C. Individual Rights of Action
47

Finally, appellants argue that the provisions allowing individual plaintiffs to


bring actions for damages or injunctive relief are inadequate because they lack
the resources to retain counsel and prosecute complex actions. We do not accept
the objectors' assertion that they cannot achieve the relief they seek by bringing
individual actions where necessary, and by waiting to benefit from systemic
reform. These provisions afford an individual recourse to the courts if his or her
circumstances demand it, and apply equally to all foster children. Appellants
have put forth no reason why this bargained-for exchange was any less
adequate for Joel A. class members than for any other foster children.

CONCLUSION
48

The City Settlement Agreement and State Settlement Agreement were


negotiated by experienced public interest counsel and are the product of several
years of discovery and months of negotiation. Together, they attempt to find the
beginnings of a solution to the persistent inadequacies of New York City's
foster care system alleged in plaintiffs' complaint.

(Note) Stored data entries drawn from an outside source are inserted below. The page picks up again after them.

lemma conj_dart_component:
  assumes S: "S \<in> components G" and g: "g \<in> carrier G"
  shows "conj_dart G g ` S \<in> components G"
proof -
  obtain d0 where d0: "d0 \<in> tri G" and S_eq: "S = comp_of G d0"
    using S by (auto simp: components_def)
  have d0S: "d0 \<in> S"
    using S_eq by (simp add: comp_of_def)
  let ?T = "comp_of G (conj_dart G g d0)"
  have T: "?T \<in> components G"
    using d0 g by (auto simp: components_def intro: conj_dart_tri)
  have cd0: "conj_dart G g d0 \<in> ?T"
    by (simp add: comp_of_def)
  have "conj_dart G (inv g) (conj_dart G g d0) = d0"
    using d0 g tri_subset by (blast intro: conj_dart_inv_cancel_left)
  then have "conj_dart G (inv g) ` ?T \<subseteq> S"
    using conj_dart_image_subset_component[OF T cd0, of "inv g"] g S_eq by simp
  then have "conj_dart G g ` conj_dart G (inv g) ` ?T \<subseteq> conj_dart G g ` S"
    by (rule image_mono)
  moreover have "conj_dart G g ` conj_dart G (inv g) ` ?T = ?T"
  proof -
    have "conj_dart G g (conj_dart G (inv g) e) = e" if "e \<in> ?T" for e
      using that components_subset_tri[OF T] tri_subset g
      by (blast intro: conj_dart_inv_cancel_right)
    then show ?thesis
      by (simp add: image_image)
  qed
  ultimately have "conj_dart G g ` S = ?T"
    using conj_dart_image_subset_component[OF S d0S g] by blast
  then show ?thesis
    using T by simp
qed

end

section \<open>The stabiliser of a component\<close>

context group
begin

lemma conj_dart_cell_iso:
  assumes S: "S \<in> components G" and T: "T \<in> components G" and iso: "cell_iso G S T"
    and g: "g \<in> carrier G"
  shows "cell_iso G S (conj_dart G g ` T)"
proof -
  obtain \<psi> where bij: "bij_betw \<psi> S T" and \<psi>_iota: "\<forall>d\<in>S. \<psi> (iota d) = iota (\<psi> d)"
    and \<psi>_sigma: "(\<forall>d\<in>S. \<psi> (sigma G d) = sigma G (\<psi> d)) \<or> (\<forall>d\<in>S. sigma G (\<psi> (sigma G d)) = \<psi> d)"
    using iso unfolding cell_iso_def by blast
  have \<psi>_carrier: "\<psi> d \<in> carrier G \<times> carrier G" if "d \<in> S" for d
    using that bij components_subset_tri[OF T] tri_subset by (auto simp: bij_betw_def)
  have "inj_on (conj_dart G g) T"
    using components_subset_tri[OF T] tri_subset g
    by (intro inj_on_inverseI[where g = "conj_dart G (inv g)"]) (auto intro: conj_dart_inv_cancel_left)
  then have "bij_betw (conj_dart G g) T (conj_dart G g ` T)"
    by (simp add: bij_betw_def)
  then have "bij_betw (conj_dart G g \<circ> \<psi>) S (conj_dart G g ` T)"
    using bij by (simp add: bij_betw_trans)
  moreover have "\<forall>d\<in>S. (conj_dart G g \<circ> \<psi>) (iota d) = iota ((conj_dart G g \<circ> \<psi>) d)"
    using \<psi>_iota by (simp add: conj_dart_iota)
  moreover have "(\<forall>d\<in>S. (conj_dart G g \<circ> \<psi>) (sigma G d) = sigma G ((conj_dart G g \<circ> \<psi>) d)) \<or>
      (\<forall>d\<in>S. sigma G ((conj_dart G g \<circ> \<psi>) (sigma G d)) = (conj_dart G g \<circ> \<psi>) d)"
    using \<psi>_sigma g \<psi>_carrier component_closed(2)[OF S]
    by (auto simp: conj_dart_sigma[symmetric])
  ultimately show ?thesis
    unfolding cell_iso_def by blast
qed

end

lemma (in simple_group) stab_eq_carrier:
  assumes S: "S \<in> components G"
    and small: "fact (card {S' \<in> components G. cell_iso G S S'}) < order G"
  shows "stab G S = carrier G"
proof -
  define C where "C = {S' \<in> components G. cell_iso G S S'}"
  have C_carrier: "T \<subseteq> carrier G \<times> carrier G" if "T \<in> C" for T
    using that components_subset_tri tri_subset by (auto simp: C_def)
  have action: "group_action G C (\<lambda>g. restrict (\<lambda>T. conj_dart G g ` T) C)"
  proof (rule group_actionI)
    show "conj_dart G g ` T \<in> C" if "g \<in> carrier G" "T \<in> C" for g T
      using that S by (simp add: C_def conj_dart_component conj_dart_cell_iso)
    show "conj_dart G (g \<otimes> h) ` T = conj_dart G g ` conj_dart G h ` T"
      if "g \<in> carrier G" "h \<in> carrier G" "T \<in> C" for g h T
      using that C_carrier[of T] by (force simp: image_image conj_dart_mult)
    show "conj_dart G \<one> ` T = T" if "T \<in> C" for T
      using C_carrier[OF that] by (force simp: conj_dart_one)
  qed
  have finite_C: "finite C"
  proof -
    have "finite (carrier G)"
      using small order_gt_0_iff_finite by (metis gr_zeroI not_less_zero)
    then have "finite (Pow (tri G))"
      using tri_subset by (auto intro: finite_subset)
    moreover have "C \<subseteq> Pow (tri G)"
      using components_subset_tri by (auto simp: C_def)
    ultimately show ?thesis
      by (rule finite_subset[rotated])
  qed
  have "S \<in> C"
    using S by (auto simp: C_def cell_iso_def intro!: exI[of _ id])
  then have "conj_dart G g ` S = S" if "g \<in> carrier G" for g
    using group_action_trivial_if_fact_less_order[OF action finite_C _ that] small by (simp add: C_def)
  then show ?thesis
    by (auto simp: stab_def)
qed

section \<open>Centralisers and automorphisms\<close>

context group
begin

lemma group_action_conj_dart:
  assumes "E \<subseteq> carrier G \<times> carrier G" and "\<And>g. g \<in> carrier G \<Longrightarrow> conj_dart G g ` E \<subseteq> E"
  shows "group_action G E (\<lambda>g. restrict (conj_dart G g) E)"
  by (rule group_actionI) (use assms in \<open>auto simp: conj_dart_mult conj_dart_one\<close>)

lemma conj_dart_fixes_component:
  assumes S: "S \<in> components G" and d0: "d0 \<in> S" and h: "h \<in> carrier G"
    and fixed: "conj_dart G h d0 = d0" and d: "d \<in> S"
  shows "conj_dart G h d = d"
proof -
  have "\<And>e. e \<in> S \<Longrightarrow> e \<in> carrier G \<times> carrier G"
    using components_subset_tri[OF S] tri_subset by blast
  with S d0 d fixed h show ?thesis
    by (induction rule: component_induct) (simp_all add: conj_dart_iota conj_dart_sigma conj_dart_phi)
qed

lemma kernel_conj_dart_component:
  assumes S: "S \<in> components G" and xy: "(x, y) \<in> S"
  shows "kernel G (BijGroup S) (\<lambda>g. restrict (conj_dart G g) S) = centr G x \<inter> centr G y"
proof -
  have xy_carrier: "x \<in> carrier G" "y \<in> carrier G"
    using xy components_subset_tri[OF S] tri_subset by auto
  have "g \<in> kernel G (BijGroup S) (\<lambda>g. restrict (conj_dart G g) S) \<longleftrightarrow> g \<in> centr G x \<inter> centr G y"
    for g
  proof (cases "g \<in> carrier G")
    case True
    have "restrict (conj_dart G g) S = (\<lambda>d\<in>S. d) \<longleftrightarrow> (\<forall>d\<in>S. conj_dart G g d = d)"
      by (auto simp: fun_eq_iff restrict_def)
    also have "\<dots> \<longleftrightarrow> conj_dart G g (x, y) = (x, y)"
      using conj_dart_fixes_component[OF S xy True] xy by blast
    finally show ?thesis
      using conj_dart_eq_self_iff[OF True xy_carrier] by (simp add: kernel_def BijGroup_def True)
  next
    case False
    then show ?thesis
      by (simp add: kernel_def centr_def)
  qed
  then show ?thesis
    by blast
qed

end

lemma (in simple_group) centr_inter_centr_eq_one:
  assumes S: "S \<in> components G" and xy: "(x, y) \<in> S" and stab: "stab G S = carrier G"
  shows "centr G x \<inter> centr G y = {\<one>}"
proof -
  have "conj_dart G g ` S \<subseteq> S" if "g \<in> carrier G" for g
    using stab that unfolding stab_def by blast
  then have "group_action G S (\<lambda>g. restrict (conj_dart G g) S)"
    using components_subset_tri[OF S] tri_subset by (intro group_action_conj_dart) auto
  then have "kernel G (BijGroup S) (\<lambda>g. restrict (conj_dart G g) S) \<lhd> G"
    by (rule group_hom.normal_kernel[OF group_action.group_hom])
  then have normal: "centr G x \<inter> centr G y \<lhd> G"
    by (simp add: kernel_conj_dart_component[OF S xy])
  have "x \<in> carrier G - centr G y"
    using xy components_subset_tri[OF S] by (auto simp: tri_def centr_def)
  then have "centr G x \<inter> centr G y \<noteq> carrier G"
    by blast
  then show ?thesis
    using no_real_normal_subgroup[OF normal] by blast
qed

lemma (in group) r_coset_one_iso_Mod_one: "(\<lambda>g. {\<one>} #> g) \<in> iso G (G Mod {\<one>})"
proof -
  have singleton: "{\<one>} #> g = {g}" if "g \<in> carrier G" for g
    using that by (simp add: r_coset_def)
  have "bij_betw (\<lambda>g. {\<one>} #> g) (carrier G) (carrier (G Mod {\<one>}))"
    unfolding carrier_FactGroup bij_betw_def inj_on_def by (simp add: singleton)
  then show ?thesis
    using normal.r_coset_hom_Mod[OF one_is_normal] by (simp add: iso_def)
qed

context group
begin

lemma valency_aut_plus:
  assumes S: "S \<in> components G" and \<psi>: "\<psi> \<in> aut_plus G S" and d: "d \<in> S"
  shows "valency G (\<psi> d) = valency G d"
proof -
  have orbit: "(sigma G ^^ n) d \<in> S" for n
    by (induction n) (use d component_closed(2)[OF S] in auto)
  have commute: "\<psi> ((sigma G ^^ n) d) = (sigma G ^^ n) (\<psi> d)" for n
    by (induction n) (use \<psi> orbit in \<open>auto simp: aut_plus_def\<close>)
  have "{(sigma G ^^ n) (\<psi> d) | n. True} = \<psi> ` {(sigma G ^^ n) d | n. True}"
    by (auto simp: commute[symmetric])
  moreover have "inj_on \<psi> {(sigma G ^^ n) d | n. True}"
    using \<psi> orbit by (auto simp: aut_plus_def bij_betw_def intro: inj_on_subset)
  ultimately show ?thesis
    unfolding valency_def by (simp add: card_image)
qed

lemma aut_plus_eqI:
  assumes S: "S \<in> components G" and d0: "d0 \<in> S"
    and \<psi>: "\<psi> \<in> aut_plus G S" and \<phi>: "\<phi> \<in> aut_plus G S" and agree: "\<psi> d0 = \<phi> d0"
  shows "\<psi> = \<phi>"
proof (rule extensionalityI[of _ S])
  have S_carrier: "\<And>d. d \<in> S \<Longrightarrow> d \<in> carrier G \<times> carrier G"
    using components_subset_tri[OF S] tri_subset by blast
  have maps: "\<And>d. d \<in> S \<Longrightarrow> \<psi> d \<in> S \<and> \<phi> d \<in> S"
    using \<psi> \<phi> by (auto simp: aut_plus_def bij_betw_def)
  show "\<psi> d = \<phi> d" if "d \<in> S" for d
    using S d0 that agree
  proof (induction rule: component_induct)
    case (iota d)
    then show ?case using \<psi> \<phi> by (simp add: aut_plus_def)
  next
    case (sigma d)
    then show ?case using \<psi> \<phi> by (simp add: aut_plus_def)
  next
    case (phi d)
    have "sigma G (\<chi> (phi G d)) = \<chi> (iota d)" if "\<chi> \<in> aut_plus G S" for \<chi>
    proof -
      have "sigma G (\<chi> (phi G d)) = \<chi> (sigma G (phi G d))"
        using that component_closed(3)[OF S phi(1)] by (simp add: aut_plus_def)
      then show ?thesis
        using sigma_phi[OF S_carrier[OF phi(1)]] by simp
    qed
    moreover have "\<psi> (iota d) = \<phi> (iota d)"
      using phi \<psi> \<phi> by (simp add: aut_plus_def)
    ultimately have "sigma G (\<psi> (phi G d)) = sigma G (\<phi> (phi G d))"
      using \<psi> \<phi> by simp
    then show ?case
      by (rule inj_onD[OF inj_on_sigma])
        (use maps[OF component_closed(3)[OF S phi(1)]] S_carrier in blast)+
  qed
qed (use \<psi> \<phi> in \<open>auto simp: aut_plus_def\<close>)

lemma restrict_conj_dart_aut_plus:
  assumes S: "S \<in> components G" and g: "g \<in> carrier G" and inv: "conj_dart G g ` S = S"
  shows "restrict (conj_dart G g) S \<in> aut_plus G S"
proof -
  have S_carrier: "\<And>d. d \<in> S \<Longrightarrow> d \<in> carrier G \<times> carrier G"
    using components_subset_tri[OF S] tri_subset by blast
  have "inj_on (conj_dart G g) S"
    using S_carrier g
    by (intro inj_on_inverseI[where g = "conj_dart G (inv g)"]) (auto intro: conj_dart_inv_cancel_left)
  then have "bij_betw (conj_dart G g) S S"
    using inv by (simp add: bij_betw_def)
  then show ?thesis
    using S_carrier g component_closed[OF S]
    by (simp add: aut_plus_def conj_dart_iota conj_dart_sigma)
qed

The City and State
defendants recognize that reforms are necessary, and have exhibited a
willingness to achieve them. It is possible that they may fall somewhat short of
their stated goals of transparency and cooperation; however, a settlement
agreement achieved through good-faith, non-collusive negotiation does not
have to be perfect, just reasonable, adequate and fair. The Agreements were
reviewed in detail by a district judge steeped in child welfare litigation and
possessed of great experience in such matters. He found that the covenants and
releases, which effectively create a moratorium on class action equitable suits
for two years while the parties attempt to reform the child welfare system, are
not oppressive, and represent a fair compromise when balanced against the
gains to the class members from systemic reform facilitated by the Agreements.
We agree.

49

The district court acted within its discretion when it approved the City and
State Settlement Agreements. The decision of the district court is affirmed.